Learning from Other Consumer Industries

Before moving into financial services, my journey across sectors like consumer electronics and automotive offered an important perspective on customer relationships. In those categories, the sale is rarely the end of the journey. It is the beginning. Automotive brands stay connected through service reminders, upgrade conversations and ownership communities. Consumer electronics companies build ecosystems that keep customers engaged long after the initial purchase. These industries understand a simple truth. Loyalty is not built through a single interaction. It is built through continuity.

Insurance has the opportunity to adopt a similar mindset. The renewal moment can become a pause in the journey where the brand reconnects with the customer, reflects on how their life might have evolved and reinforces the value of protection in that changing context.

Personalisation Must Become the Norm

Today’s consumers live in an environment where personalisation has become the baseline expectation. According to McKinsey, 71 percent of consumers expect personalised interactions from brands, and nearly three quarters say they feel frustrated when companies fail to deliver them. Yet many renewal messages still feel generic.

Imagine instead receiving a renewal message that acknowledges how your life may have changed over the past year. Perhaps your family has grown. Perhaps your financial priorities have shifted. Perhaps your focus on health and wellness has deepened.

When communication reflects these realities, the renewal moment begins to feel less like a payment reminder and more like guidance. And guidance is the foundation of trust.

Storytelling Makes Insurance Human

Insurance is one of the most meaningful promises a brand can make to a customer. Yet we often communicate it through policy features, riders and technical terminology. Customers do not emotionally connect with clauses. They connect with stories. The real value of insurance lies in what it enables. It allows families to plan with confidence. It provides resilience during uncertainty. It protects aspirations that people spend a lifetime building. Renewal communication can become an opportunity to remind customers of this deeper purpose. Not through fear, but through reassurance. Not through complexity, but through clarity.

Moving the Needle from Protection to Prevention

There is also a broader shift shaping consumer expectations today. People are no longer thinking about financial protection only in moments of crisis. Increasingly, they are thinking about wellbeing, prevention and long-term resilience.

Deloitte’s global consumer insights highlight that people are placing greater emphasis on proactive health management and financial preparedness. Insurance brands can play an important role in this shift.

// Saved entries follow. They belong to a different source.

text \<open>The stalk C_x(V) = colim_{U containing x} C(U,V).\<close>
definition stalk ::
  "'a topology \<Rightarrow> 'm set \<Rightarrow> ('m \<Rightarrow> 'a set) \<Rightarrow> ('m \<Rightarrow> 'a set)
   \<Rightarrow> ('m \<Rightarrow> 'm \<Rightarrow> 'm) \<Rightarrow> ('a set \<Rightarrow> 'a set \<Rightarrow> 'm) \<Rightarrow> 'a \<Rightarrow> 'a set \<Rightarrow> 'm set set" where
  "stalk X Mor dm cd cmp incl x V =
     {germ X Mor dm cd cmp incl x f | f. f \<in> Mor \<and> cd f = V \<and> x \<in> dm f}"

definition push ::
  "'a topology \<Rightarrow> 'm set \<Rightarrow> ('m \<Rightarrow> 'a set) \<Rightarrow> ('m \<Rightarrow> 'a set)
   \<Rightarrow> ('m \<Rightarrow> 'm \<Rightarrow> 'm) \<Rightarrow> ('a set \<Rightarrow> 'a set \<Rightarrow> 'm) \<Rightarrow> 'a \<Rightarrow> 'a set \<Rightarrow> 'a set
   \<Rightarrow> 'm set \<Rightarrow> 'm set" where
  "push X Mor dm cd cmp incl x V V' \<gamma> =
     (\<Union>f\<in>\<gamma>. germ X Mor dm cd cmp incl x (cmp (incl V V') f))"

text \<open>C_x^y = lim_{V containing y} C_x(V): compatible families, indexed by the open
  neighbourhoods V of y (value {} at other sets, for extensionality).\<close>
definition hom_star ::
  "'a topology \<Rightarrow> 'm set \<Rightarrow> ('m \<Rightarrow> 'a set) \<Rightarrow> ('m \<Rightarrow> 'a set)
   \<Rightarrow> ('m \<Rightarrow> 'm \<Rightarrow> 'm) \<Rightarrow> ('a set \<Rightarrow> 'a set \<Rightarrow> 'm) \<Rightarrow> 'a \<Rightarrow> 'a
   \<Rightarrow> ('a set \<Rightarrow> 'm set) set" where
  "hom_star X Mor dm cd cmp incl x y =
     {\<phi>. (\<forall>V. openin X V \<and> y \<in> V \<longrightarrow> \<phi> V \<in> stalk X Mor dm cd cmp incl x V) \<and>
         (\<forall>V V'. openin X V \<and> openin X V' \<and> y \<in> V \<and> V \<subseteq> V' \<longrightarrow>
             push X Mor dm cd cmp incl x V V' (\<phi> V) = \<phi> V') \<and>
         (\<forall>V. \<not> (openin X V \<and> y \<in> V) \<longrightarrow> \<phi> V = {})}"

definition comp_star ::
  "'a topology \<Rightarrow> 'm set \<Rightarrow> ('m \<Rightarrow> 'a set) \<Rightarrow> ('m \<Rightarrow> 'a set)
   \<Rightarrow> ('m \<Rightarrow> 'm \<Rightarrow> 'm) \<Rightarrow> ('a set \<Rightarrow> 'a set \<Rightarrow> 'm) \<Rightarrow> 'a \<Rightarrow> 'a
   \<Rightarrow> ('a set \<Rightarrow> 'm set) \<Rightarrow> ('a set \<Rightarrow> 'm set) \<Rightarrow> ('a set \<Rightarrow> 'm set)" where
  "comp_star X Mor dm cd cmp incl x z \<psi> \<phi> =
     (\<lambda>W. if openin X W \<and> z \<in> W
          then (\<Union>{germ X Mor dm cd cmp incl x (cmp g f) | g f. g \<in> \<psi> W \<and> f \<in> \<phi> (dm g)})
          else {})"

definition id_star ::
  "'a topology \<Rightarrow> 'm set \<Rightarrow> ('m \<Rightarrow> 'a set) \<Rightarrow> ('m \<Rightarrow> 'a set)
   \<Rightarrow> ('m \<Rightarrow> 'm \<Rightarrow> 'm) \<Rightarrow> ('a set \<Rightarrow> 'm) \<Rightarrow> ('a set \<Rightarrow> 'a set \<Rightarrow> 'm) \<Rightarrow> 'a
   \<Rightarrow> ('a set \<Rightarrow> 'm set)" where
  "id_star X Mor dm cd cmp ident incl x =
     (\<lambda>W. if openin X W \<and> x \<in> W then germ X Mor dm cd cmp incl x (ident W) else {})"
lemma ladder_odeD:
  "ladder_ode c H x \<Longrightarrow> h \<in> H \<Longrightarrow>
     (x h has_real_derivative (c h * x (h + 1) t - c (h - 1) * x (h - 1) t) / 2) (at t)"
  unfolding ladder_ode_def by blast

lemma ladder_ode_subset: "ladder_ode c H x \<Longrightarrow> H' \<subseteq> H \<Longrightarrow> ladder_ode c H' x"
  unfolding ladder_ode_def by blast

lemma ladder_ode_continuous: "ladder_ode c UNIV x \<Longrightarrow> continuous_on S (x h)"
  by (meson DERIV_isCont UNIV_I continuous_at_imp_continuous_on ladder_odeD)

lemma sum_int_telescope:
  fixes f :: "int \<Rightarrow> 'a::ab_group_add"
  assumes "a \<le> b + 1"
  shows "(\<Sum>h\<in>{a..b}. f h - f (h - 1)) = f b - f (a - 1)"
proof -
  have "a - 1 \<le> b" using assms by simp
  then show ?thesis
  proof (induction b rule: int_ge_induct)
    case (step i)
    have "{a..i + 1} = insert (i + 1) {a..i}"
      using step(1) by (auto simp: atLeastAtMostPlus1_int_conv)
    then show ?case using step by (simp add: algebra_simps)
  qed simp
qed

lemma ladder_ode_energy_const:
  assumes ode: "ladder_ode c {-L..L} x" and "c L = 0" "c (- L - 1) = 0"
  shows "(\<Sum>h\<in>{-L..L}. (x h t)\<^sup>2) = (\<Sum>h\<in>{-L..L}. (x h s)\<^sup>2)"
proof (cases "- L \<le> L + 1")
  case True
  have "((\<lambda>t. \<Sum>h\<in>{-L..L}. (x h t)\<^sup>2) has_real_derivative 0) (at t)" for t
  proof -
    have "((\<lambda>t. \<Sum>h\<in>{-L..L}. (x h t)\<^sup>2) has_real_derivative
           (\<Sum>h\<in>{-L..L}. 2 * x h t * ((c h * x (h + 1) t - c (h - 1) * x (h - 1) t) / 2))) (at t)"
      by (intro DERIV_sum) (auto intro!: derivative_eq_intros ladder_odeD[OF ode])
    also have "(\<Sum>h\<in>{-L..L}. 2 * x h t * ((c h * x (h + 1) t - c (h - 1) * x (h - 1) t) / 2))
        = (\<Sum>h\<in>{-L..L}. c h * x h t * x (h + 1) t - c (h - 1) * x (h - 1) t * x (h - 1 + 1) t)"
      by (intro sum.cong) (auto simp: field_simps)
    also have "\<dots> = 0"
      using sum_int_telescope[of "- L" L "\<lambda>h. c h * x h t * x (h + 1) t"] True assms by simp
    finally show ?thesis .
  qed
  then show ?thesis by (intro DERIV_isconst_all) blast
qed simp

lemma ladder_ode_eq_0:
  assumes "ladder_ode c {-L..L} x" and "c L = 0" "c (- L - 1) = 0"
    and "\<forall>h\<in>{-L..L}. x h 0 = 0" and "h \<in> {-L..L}"
  shows "x h t = 0"
proof -
  have "(\<Sum>h\<in>{-L..L}. (x h t)\<^sup>2) = (\<Sum>h\<in>{-L..L}. (x h 0)\<^sup>2)"
    using assms(1-3) by (rule ladder_ode_energy_const)
  also have "\<dots> = 0" using assms(4) by simp
  finally show ?thesis using assms(5) by (simp add: sum_nonneg_eq_0_iff)
qed

definition ladder_recurrence :: "nat \<Rightarrow> int \<Rightarrow> (int \<Rightarrow> real \<Rightarrow> real) \<Rightarrow> bool" where
  "ladder_recurrence l m x \<longleftrightarrow> (\<forall>h\<in>{- int l..int l}. \<forall>t.
     sin t * (ladder l h * x (h + 1) t + ladder l (h - 1) * x (h - 1) t)
       = 2 * (of_int m - of_int h * cos t) * x h t)"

Renewal communication can highlight wellness programmes, preventive health engagement, financial literacy tools and insights that help customers make better decisions throughout the year. In doing so, the relationship between brand and customer becomes continuous rather than episodic. Insurance begins to feel less like a product and more like a partner.

The Renewal Opportunity

As digital ecosystems evolve, technology will undoubtedly reshape how insurers communicate. AI can enable deeper personalisation. Data can help identify life stage transitions. Digital platforms can simplify interactions. But the real transformation lies in how we frame the moment itself. Do we treat renewal as a reminder to pay? Or do we treat it as a reminder of why the relationship exists in the first place? In a trust driven category like insurance, that distinction is powerful. Because every renewal is not just a continuation of a contract. It is a quiet vote of confidence. And when marketing approaches that moment with empathy, relevance and storytelling, the renewal notice stops being an obligation. It becomes something far more meaningful. A conversation that continues year after year.

Disclaimer: The views expressed here are solely those of the author and do not in any way represent the views of exchange4media.com.